Dopo più di due anni, quattro di loro non hanno avuto recidiva, mentre gli altri due, nei quali il tumore si è ripresentato, sono guariti completamente dopo un’ulteriore terapia a base di anticorpi che hanno stimolato il loro sistema immunitario.
In Italia, l’Istituto di chimica biomolecolare del Cnr, assieme alla Clinica interna e sperimentale dell’Università della Campania e al Centro di eccellenza per le ricerche biomediche dell’Università di Genova, ha identificato un componente vegetale estratto da microalghe marine e piante terrestri da usare per la preparazione di vaccini antitumorali.
Su un modello di melanoma in provetta, la sostanza attiva alcune cellule del sistema immunitario potenziando le difese naturali dell’organismo contro il tumore.
5. La prevenzione passa dall’intestino
Dopo il progetto genoma, che ha permesso di identificare i circa 25mila geni umani, oggi la medicina punta al microbioma, il patrimonio genetico di batteri, funghi e virus che popolano il nostro organismo.
Concentrati soprattutto nell’intestino, formano il microbiota.
Sembra che la comparsa o meno di molte malattie, compresi i tumori, dipenda dal delicato equilibrio della nostra flora intestinale.

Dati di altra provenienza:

text \<open>Operators on V = C^n are represented by n x n complex matrices.\<close>

definition mat_prod_list :: "nat \<Rightarrow> complex mat list \<Rightarrow> complex mat" where
  "mat_prod_list n Ms = foldr (*) Ms (1\<^sub>m n)"

definition mat_prod_set :: "nat \<Rightarrow> (nat \<Rightarrow> complex mat) \<Rightarrow> nat set \<Rightarrow> complex mat" where
  "mat_prod_set n P I = mat_prod_list n (map P (sorted_list_of_set I))"

definition spectrum_mset :: "complex mat \<Rightarrow> complex multiset" where
  "spectrum_mset A = proots (char_poly A)"

text \<open>The operator prod_i (1 + eps_i P_i), for eps :: nat => int with values in {1,-1}.\<close>
definition eps_op :: "nat \<Rightarrow> nat \<Rightarrow> (nat \<Rightarrow> complex mat) \<Rightarrow> (nat \<Rightarrow> int) \<Rightarrow> complex mat" where
  "eps_op n k P eps = mat_prod_list n (map (\<lambda>i. 1\<^sub>m n + of_int (eps i) \<cdot>\<^sub>m P i) [0..<k])"

definition eps_space :: "nat \<Rightarrow> nat \<Rightarrow> (nat \<Rightarrow> complex mat) \<Rightarrow> (nat \<Rightarrow> int) \<Rightarrow> complex vec set" where
  "eps_space n k P eps = {eps_op n k P eps *\<^sub>v w | w. w \<in> carrier_vec n}"

definition col_dim :: "nat \<Rightarrow> complex mat \<Rightarrow> nat" where
  "col_dim n M = vec_space.rank n (M :: complex mat)"

text \<open>A matrix representation of the restriction of A to an A-invariant subspace W of C^n:
  an m x m matrix B such that A S = S B, where the columns of the n x m matrix S form a basis of W
  (S injective and its image is W).\<close>
definition restr_rep :: "nat \<Rightarrow> complex mat \<Rightarrow> complex vec set \<Rightarrow> complex mat \<Rightarrow> bool" where
  "restr_rep n A W B \<longleftrightarrow> (\<exists>m S. S \<in> carrier_mat n m \<and> B \<in> carrier_mat m m \<and>
      (\<forall>x \<in> carrier_vec m. S *\<^sub>v x = 0\<^sub>v n \<longrightarrow> x = 0\<^sub>v m) \<and>
      W = {S *\<^sub>v x | x. x \<in> carrier_vec m} \<and> A * S = S * B)"

definition restr_char_poly :: "nat \<Rightarrow> complex mat \<Rightarrow> complex vec set \<Rightarrow> complex poly" where
  "restr_char_poly n A W = char_poly (SOME B. restr_rep n A W B)"

definition pos_roots :: "complex multiset \<Rightarrow> complex multiset" where
  "pos_roots M = filter_mset (\<lambda>z. z \<in> \<real> \<and> Re z > 0) M"

definition neg_roots :: "complex multiset \<Rightarrow> complex multiset" where
  "neg_roots M = filter_mset (\<lambda>z. z \<in> \<real> \<and> Re z < 0) M"

end

theory Submission
  imports Defs "Jordan_Normal_Form.Schur_Decomposition"
begin

text \<open>The operators \<open>F\<^sub>\<epsilon> = \<Prod>\<^sub>i (1 + \<epsilon>\<^sub>i P\<^sub>i)\<close> satisfy \<open>F\<^sub>\<epsilon>\<^sup>2 = 2\<^sup>k F\<^sub>\<epsilon>\<close> and \<open>\<Sum>\<^sub>\<epsilon> F\<^sub>\<epsilon> = 2\<^sup>k\<close>,
  and \<open>P\<^sub>I = \<Prod>\<^sub>i\<^sub>\<in>\<^sub>I P\<^sub>i\<close> acts on \<open>V\<^sub>\<epsilon> = F\<^sub>\<epsilon> V\<close> as the scalar \<open>\<chi>\<^sub>I(\<epsilon>) = \<Prod>\<^sub>i\<^sub>\<in>\<^sub>I \<epsilon>\<^sub>i\<close>.
  Since \<open>tr (C F\<^sub>\<epsilon>) = 2\<^sup>k tr (C|\<^sub>V\<^sub>\<epsilon>)\<close> for every \<open>C\<close> preserving \<open>V\<^sub>\<epsilon>\<close>, comparing the traces of
  all powers shows that the spectrum of \<open>P\<^sub>I A\<close> is the union over \<open>\<epsilon>\<close> of \<open>\<chi>\<^sub>I(\<epsilon>) \<E>\<^sub>\<epsilon>\<close>, where
  \<open>\<E>\<^sub>\<epsilon>\<close> is the spectrum of \<open>A|\<^sub>V\<^sub>\<epsilon>\<close>. By hypothesis all these twisted unions coincide, so
  for every \<open>z\<close> the function \<open>\<epsilon> \<mapsto> mult(z, \<E>\<^sub>\<epsilon>) - mult(-z, \<E>\<^sub>\<epsilon>)\<close> has a constant
  transform over the characters \<open>\<chi>\<^sub>I\<close>; by Fourier inversion it vanishes off \<open>\<epsilon> = (1,\<dots>,1)\<close>.
  The symmetric sub-multiset is the union of the \<open>\<E>\<^sub>\<epsilon>\<close> with \<open>\<epsilon> \<noteq> (1,\<dots>,1)\<close>.\<close>

section \<open>Traces and spectra\<close>

definition mat_trace :: "'a::comm_ring_1 mat \<Rightarrow> 'a" where
  "mat_trace M = (\<Sum>i<dim_row M. M $$ (i,i))"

Gli scienziati stanno cercando di capire quale potrebbe essere la composizione del microbiota sano, ancora non definita.
Esistono dei batteri che degradano il muco intestinale (la prima barriera di difesa dell’intestino) spianando la strada ad altri batteri, come per esempio un tipo particolare di Escherichia coli oppure il Bacteroides fragilis, che rilasciano sostanze tossiche (genotossine) capaci di sviluppare la crescita delle cellule tumorali.
Aumentare nel nostro intestino la concentrazione di batteri che producono muco intestinale o che rilasciano acidi grassi a catena corta, potrebbe avere un effetto protettivo contro i tumori.
Ci aiuta una dieta con alimenti fermentati (yogurt, kefir, miso) e ricca di fibre e vitamine provenienti da verdura, frutta, cereali integrali, olio extravergine d’oliva.